Workflow:Alibaba ROLL Agentic RL Training Pipeline
| Knowledge Sources | |
|---|---|
| Domains | LLMs, Reinforcement_Learning, Agentic_AI, Distributed_Training |
| Last Updated | 2026-02-07 19:00 GMT |
Overview
End-to-end process for training LLM agents through multi-turn environment interaction using reinforcement learning with trajectory-based or step-based reward optimization.
Description
This workflow implements the Agentic RL training pipeline in the ROLL framework. Unlike the RLVR pipeline which processes single-turn prompt-response pairs, the Agentic pipeline trains LLM agents that interact with environments over multiple turns, collecting trajectories of observations, actions, and rewards. It supports diverse environments (Sokoban, FrozenLake, WebShop, GEM tasks) and multiple training paradigms including trajectory-wise optimization (StarPO) and step-wise optimization (GiGPO). The pipeline uses asynchronous parallel rollout at environment granularity for efficient trajectory collection.
Usage
Execute this workflow when you have an instruction-tuned LLM and want to train it as an agent that interacts with structured environments (games, web navigation, tool use, math reasoning with tools) through multi-turn dialogue, using RL to optimize the agent's sequential decision-making capabilities.
Execution Steps
Step 1: Environment Setup and Configuration
Prepare the compute environment and define the Hydra YAML configuration specifying the model, environment definitions, worker device mappings, and RL algorithm parameters.
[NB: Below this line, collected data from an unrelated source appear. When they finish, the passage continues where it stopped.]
lemma separated_subset_if_le_covering_number:
  fixes Y :: "'a::metric_space set"
  assumes "s > 0" "k \<le> covering_number s Y"
  obtains F where "F \<subseteq> Y" "finite F" "card F = k" "\<forall>x\<in>F. \<forall>y\<in>F. x \<noteq> y \<longrightarrow> s \<le> dist x y"
proof -
  have "\<exists>F. F \<subseteq> Y \<and> finite F \<and> card F = k \<and> (\<forall>x\<in>F. \<forall>y\<in>F. x \<noteq> y \<longrightarrow> s \<le> dist x y)"
    using assms(2)
  proof (induction k)
    case 0 then show ?case by (intro exI[of _ "{}"]) auto
  next
    case (Suc k)
    then obtain F where F: "F \<subseteq> Y" "finite F" "card F = k" "\<forall>x\<in>F. \<forall>y\<in>F. x \<noteq> y \<longrightarrow> s \<le> dist x y"
      by auto
    have "\<not> Y \<subseteq> (\<Union>c\<in>F. ball c s)"
    proof
      assume "Y \<subseteq> (\<Union>c\<in>F. ball c s)"
      then have "covering_number s Y \<le> k"
        using F unfolding covering_number_def by (intro cInf_lower) auto
      then show False using Suc.prems by simp
    qed
    then obtain y where y: "y \<in> Y" "\<forall>c\<in>F. s \<le> dist c y" by (force simp: subset_eq not_less)
    then have "y \<notin> F" using assms(1) by force
    then show ?case
      using F y by (intro exI[of _ "insert y F"]) (auto simp: dist_commute)
  qed
  then show ?thesis using that by blast
qed

text \<open>No point is within \<open>D/2\<close> of two of three points at mutual distance \<open>\<ge> D\<close>.\<close>
lemma far_from_some_pair:
  fixes F :: "'a::metric_space set"
  assumes fin: "finite F" and u: "D \<le> dist u0 u1" "D \<le> dist u0 u2" "D \<le> dist u1 u2"
  obtains y0 z0 G where "(y0, z0) \<in> {(u0, u1), (u0, u2), (u1, u2)}" "G \<subseteq> F" "card F \<le> 3 * card G"
    "\<forall>x\<in>G. D/2 \<le> dist x y0 \<and> D/2 \<le> dist x z0"
proof -
  define G where "G a b = {x\<in>F. D/2 \<le> dist x a \<and> D/2 \<le> dist x b}" for a b
  have near: False if "dist x a < D/2" "dist x b < D/2" "D \<le> dist a b" for x a b :: 'a
    using dist_triangle[of a b x] that by (simp add: dist_commute)
  have "F \<subseteq> G u0 u1 \<union> G u0 u2 \<union> G u1 u2"
  proof
    fix x assume x: "x \<in> F"
    show "x \<in> G u0 u1 \<union> G u0 u2 \<union> G u1 u2"
    proof (rule ccontr)
      assume "x \<notin> G u0 u1 \<union> G u0 u2 \<union> G u1 u2"
      then have "(dist x u0 < D/2 \<or> dist x u1 < D/2) \<and> (dist x u0 < D/2 \<or> dist x u2 < D/2) \<and>
          (dist x u1 < D/2 \<or> dist x u2 < D/2)"
        using x by (auto simp: G_def not_le)
      then show False using near u by blast
    qed
  qed
  then have "card F \<le> card (G u0 u1 \<union> G u0 u2 \<union> G u1 u2)"
    by (rule card_mono[rotated]) (use fin in \<open>auto simp: G_def\<close>)
  also have "\<dots> \<le> card (G u0 u1) + card (G u0 u2) + card (G u1 u2)"
    by (meson card_Un_le add_right_mono le_trans)
  finally have card_F: "card F \<le> card (G u0 u1) + card (G u0 u2) + card (G u1 u2)" .
  have G: "G a b \<subseteq> F" "\<forall>x\<in>G a b. D/2 \<le> dist x a \<and> D/2 \<le> dist x b" for a b
    by (auto simp: G_def)
  consider "card F \<le> 3 * card (G u0 u1)" | "card F \<le> 3 * card (G u0 u2)" | "card F \<le> 3 * card (G u1 u2)"
    using card_F by linarith
  then show ?thesis
  proof cases
    case 1 then show ?thesis using G by (intro that[of u0 u1 "G u0 u1"]) auto
  next
    case 2 then show ?thesis using G by (intro that[of u0 u2 "G u0 u2"]) auto
  next
    case 3 then show ?thesis using G by (intro that[of u1 u2 "G u1 u2"]) auto
  qed
qed

section \<open>Products of measures that agree off a small set\<close>

lemma emeasure_PiM_PiE_prob:
  assumes "finite I" "\<And>i. i \<in> I \<Longrightarrow> prob_space (M i)" "\<And>i. i \<in> I \<Longrightarrow> A i \<in> sets (M i)"
  shows "emeasure (PiM I M) (PiE I A) = (\<Prod>i\<in>I. emeasure (M i) (A i))"
proof -
  have "prod_emb I M I (PiE I A) = PiE I A"
    using assms(3) by (intro prod_emb_PiE_same_index) (auto dest: sets.sets_into_space)
  then show ?thesis using emeasure_PiM_emb[of I M I A] assms by simp
qed

lemma measure_PiM_PiE_const_ge:
  fixes \<delta> :: real
  assumes I: "finite I" and P: "\<And>i. i \<in> I \<Longrightarrow> prob_space (M i)" and C: "\<And>i. i \<in> I \<Longrightarrow> C \<in> sets (M i)"
    and mC: "\<And>i. i \<in> I \<Longrightarrow> 1 - \<delta> \<le> measure (M i) C" and \<delta>: "0 \<le> \<delta>" "\<delta> \<le> 1"
  shows "1 - card I * \<delta> \<le> measure (PiM I M) (PiE I (\<lambda>_. C))"
proof -
  have "emeasure (PiM I M) (PiE I (\<lambda>_. C)) = (\<Prod>i\<in>I. emeasure (M i) C)"
    using I P C by (rule emeasure_PiM_PiE_prob)
  also have "\<dots> = (\<Prod>i\<in>I. ennreal (measure (M i) C))"
    using P by (intro prod.cong refl) (auto simp: prob_space_def finite_measure.emeasure_eq_measure)
  also have "\<dots> = ennreal (\<Prod>i\<in>I. measure (M i) C)"
    by (rule prod_ennreal) simp
  finally have "measure (PiM I M) (PiE I (\<lambda>_. C)) = (\<Prod>i\<in>I. measure (M i) C)"
    by (simp add: measure_def prod_nonneg)
  moreover have "(1 - \<delta>) ^ card I \<le> (\<Prod>i\<in>I. measure (M i) C)"
  proof -
    have "(\<Prod>i\<in>I. 1 - \<delta>) \<le> (\<Prod>i\<in>I. measure (M i) C)"
      using mC \<delta> by (intro prod_mono) auto
    then show ?thesis by simp
  qed
  moreover have "1 - card I * \<delta> \<le> (1 - \<delta>) ^ card I"
    using Bernoulli_inequality[of "-\<delta>" "card I"] \<delta> by simp
  ultimately show ?thesis by linarith
qed

lemma emeasure_PiM_Int_PiE_eq:
  assumes I: "finite I"
    and P: "\<And>i. i \<in> I \<Longrightarrow> prob_space (M i)" and P': "\<And>i. i \<in> I \<Longrightarrow> prob_space (M' i)"
    and sM: "\<And>i. sets (M i) = sets N" and sM': "\<And>i. sets (M' i) = sets N" and C: "C \<in> sets N"
    and eqC: "\<And>i A. i \<in> I \<Longrightarrow> A \<in> sets N \<Longrightarrow> emeasure (M i) (A \<inter> C) = emeasure (M' i) (A \<inter> C)"
    and E: "E \<in> sets (PiM I (\<lambda>_. N))"
  shows "emeasure (PiM I M) (PiE I (\<lambda>_. C) \<inter> E) = emeasure (PiM I M') (PiE I (\<lambda>_. C) \<inter> E)"
proof -
  define B where "B = PiE I (\<lambda>_. C)"
  have sP: "sets (PiM I M) = sets (PiM I (\<lambda>_. N))" "sets (PiM I M') = sets (PiM I (\<lambda>_. N))"
    using sM sM' by (auto intro!: sets_PiM_cong)
  have B: "B \<in> sets (PiM I (\<lambda>_. N))"
    unfolding B_def using I C by (intro sets_PiM_I_finite) auto
  have gen: "emeasure (PiM I M) (B \<inter> PiE I A) = emeasure (PiM I M') (B \<inter> PiE I A)"
    if A: "\<And>i. i \<in> I \<Longrightarrow> A i \<in> sets N" for A
  proof -
    have BA: "B \<inter> PiE I A = PiE I (\<lambda>i. A i \<inter> C)" unfolding B_def by (auto simp: PiE_iff)
    have "emeasure (PiM I M) (PiE I (\<lambda>i. A i \<inter> C)) = (\<Prod>i\<in>I. emeasure (M i) (A i \<inter> C))"
      using I P A C sM by (intro emeasure_PiM_PiE_prob) auto
    also have "\<dots> = (\<Prod>i\<in>I. emeasure (M' i) (A i \<inter> C))"
      using eqC A by (intro prod.cong) auto
    also have "\<dots> = emeasure (PiM I M') (PiE I (\<lambda>i. A i \<inter> C))"
      using I P' A C sM' by (intro emeasure_PiM_PiE_prob[symmetric]) auto
    finally show ?thesis unfolding BA .
  qed
  have "density (PiM I M) (indicator B) = density (PiM I M') (indicator B)"
  proof (rule measure_eqI_PiM_finite[where M="\<lambda>_. N" and A="\<lambda>_. PiE I (\<lambda>_. space N)"])
    show "finite I" by fact
    show "sets (density (PiM I M) (indicator B)) = sets (PiM I (\<lambda>_. N))"
      "sets (density (PiM I M') (indicator B)) = sets (PiM I (\<lambda>_. N))"
      using sP by simp_all
    fix A assume A: "\<And>i. i \<in> I \<Longrightarrow> A i \<in> sets N"
    have "PiE I A \<in> sets (PiM I (\<lambda>_. N))" using I A by (intro sets_PiM_I_finite) auto
    then show "emeasure (density (PiM I M) (indicator B)) (PiE I A) =
        emeasure (density (PiM I M') (indicator B)) (PiE I A)"
      using gen[OF A] B sP by (simp add: emeasure_restricted)
  next
    show "range (\<lambda>_::nat. PiE I (\<lambda>_. space N)) \<subseteq> prod_algebra I (\<lambda>_. N)"
      using space_in_prod_algebra[of I "\<lambda>_. N"] by (auto simp: space_PiM)
    show "(\<Union>i::nat. PiE I (\<lambda>_. space N)) = space (PiM I (\<lambda>_. N))" by (simp add: space_PiM)
    interpret prob_space "PiM I M" using P by (rule prob_space_PiM)
    have "PiE I (\<lambda>_. space N) \<in> sets (PiM I M)"
      using sP sets.top[of "PiM I (\<lambda>_. N)"] by (simp add: space_PiM)
    then show "emeasure (density (PiM I M) (indicator B)) (PiE I (\<lambda>_. space N)) \<noteq> \<infinity>" for i :: nat
      using B sP by (simp add: emeasure_restricted)
  qed
  then have "emeasure (PiM I M) (B \<inter> E) = emeasure (PiM I M') (B \<inter> E)"
    using B E sP by (metis emeasure_restricted)
  then show ?thesis unfolding B_def .
qed

lemma measure_PiM_diff_le:
  fixes \<delta> :: real
  assumes I: "finite I"
    and P: "\<And>i. i \<in> I \<Longrightarrow> prob_space (M i)" and P': "\<And>i. i \<in> I \<Longrightarrow> prob_space (M' i)"
    and sM: "\<And>i. sets (M i) = sets N" and sM': "\<And>i. sets (M' i) = sets N" and C: "C \<in> sets N"
    and eqC: "\<And>i A. i \<in> I \<Longrightarrow> A \<in> sets N \<Longrightarrow> emeasure (M i) (A \<inter> C) = emeasure (M' i) (A \<inter> C)"
    and mC: "\<And>i. i \<in> I \<Longrightarrow> 1 - \<delta> \<le> measure (M i) C" and mC': "\<And>i. i \<in> I \<Longrightarrow> 1 - \<delta> \<le> measure (M' i) C"
    and \<delta>: "0 \<le> \<delta>" "\<delta> \<le> 1" and E: "E \<in> sets (PiM I (\<lambda>_. N))"
  shows "\<bar>measure (PiM I M) E - measure (PiM I M') E\<bar> \<le> card I * \<delta>"
proof -
  define B where "B = PiE I (\<lambda>_. C)"
  interpret P: prob_space "PiM I M" using P by (rule prob_space_PiM)
  interpret P': prob_space "PiM I M'" using P' by (rule prob_space_PiM)
  have sP: "sets (PiM I M) = sets (PiM I (\<lambda>_. N))" "sets (PiM I M') = sets (PiM I (\<lambda>_. N))"
    using sM sM' by (auto intro!: sets_PiM_cong)
  have B: "B \<in> sets (PiM I (\<lambda>_. N))"
    unfolding B_def using I C by (intro sets_PiM_I_finite) auto
  have BE: "measure (PiM I M) (B \<inter> E) = measure (PiM I M') (B \<inter> E)"
    using emeasure_PiM_Int_PiE_eq[OF assms(1-7) E] unfolding B_def measure_def by (simp only:)
  have "measure (PiM I M) (E - B) \<le> card I * \<delta>" "measure (PiM I M') (E - B) \<le> card I * \<delta>"
  proof -
    have "measure (PiM I M) (E - B) \<le> measure (PiM I M) (space (PiM I M) - B)"
      using E B sP by (intro P.finite_measure_mono) (auto dest: sets.sets_into_space)
    also have "\<dots> = 1 - measure (PiM I M) B" using B sP by (simp add: P.prob_compl)
    finally have "measure (PiM I M) (E - B) \<le> 1 - measure (PiM I M) B" .
    moreover have "1 - card I * \<delta> \<le> measure (PiM I M) B"
      unfolding B_def using I P mC \<delta> C sM by (intro measure_PiM_PiE_const_ge) auto
    ultimately show "measure (PiM I M) (E - B) \<le> card I * \<delta>" by linarith
    have "measure (PiM I M') (E - B) \<le> measure (PiM I M') (space (PiM I M') - B)"
      using E B sP by (intro P'.finite_measure_mono) (auto dest: sets.sets_into_space)
    also have "\<dots> = 1 - measure (PiM I M') B" using B sP by (simp add: P'.prob_compl)
    finally have "measure (PiM I M') (E - B) \<le> 1 - measure (PiM I M') B" .
    moreover have "1 - card I * \<delta> \<le> measure (PiM I M') B"
      unfolding B_def using I P' mC' \<delta> C sM' by (intro measure_PiM_PiE_const_ge) auto
    ultimately show "measure (PiM I M') (E - B) \<le> card I * \<delta>" by linarith
  qed
  moreover have "measure (PiM I M) E = measure (PiM I M) (B \<inter> E) + measure (PiM I M) (E - B)"
    "measure (PiM I M') E = measure (PiM I M') (B \<inter> E) + measure (PiM I M') (E - B)"
    using E B sP by (simp_all add: P.finite_measure_Diff' P'.finite_measure_Diff' Int_commute)
  ultimately show ?thesis using BE measure_nonneg[of "PiM I M" "E - B"] measure_nonneg[of "PiM I M'" "E - B"]
    by linarith
qed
Configure the environment manager type (TrajEnvManager for trajectory-based or StepEnvManager for step-based) and define training and validation environment specifications.
Key considerations:
- Choose between trajectory-wise (StarPO) and step-wise (GiGPO) training based on the task structure
- Configure num_env_groups and group_size to control the number of parallel environment instances and responses per environment
- Define separate training and validation environment configurations with appropriate generation parameters
Step 2: Environment and Dataset Preparation
Prepare the environment implementations and prompt datasets. Environments must implement the ROLL environment interface providing reset, step, and reward methods. For GEM-based environments, configure the environment YAML with task definitions, tool access, and reward functions. Prepare prompt datasets that seed the environment interactions.
What happens:
- Environment classes are registered with the environment manager
- Initial prompts or environment states are loaded from dataset files
- Validation environments are configured with deterministic sampling (low temperature) for consistent evaluation
Step 3: Distributed Worker Initialization
Launch the Ray cluster and initialize worker groups: actor training cluster, actor inference cluster, optional critic cluster (for PPO), and reference model cluster. Initialize rollout schedulers for both training and validation that manage the asynchronous environment interaction loop.
Key considerations:
- Rollout schedulers manage environment-level asynchronous parallel execution
- Partial GPU mode can share GPUs between training and inference by shrinking/expanding the inference sampler
- The rollout scheduler uses a GroupQueueManager to collect complete trajectory groups before dispatching to training
Step 4: Trajectory Collection (Rollout)
Execute multi-turn environment interactions by alternating between LLM response generation and environment step execution. The rollout scheduler manages parallel environments, collecting complete trajectories when episodes terminate. Each trajectory contains the full sequence of observations, actions, and environment rewards.
What happens:
- Environments are reset with initial observations
- The LLM generates actions based on current observations (with chat-template formatting)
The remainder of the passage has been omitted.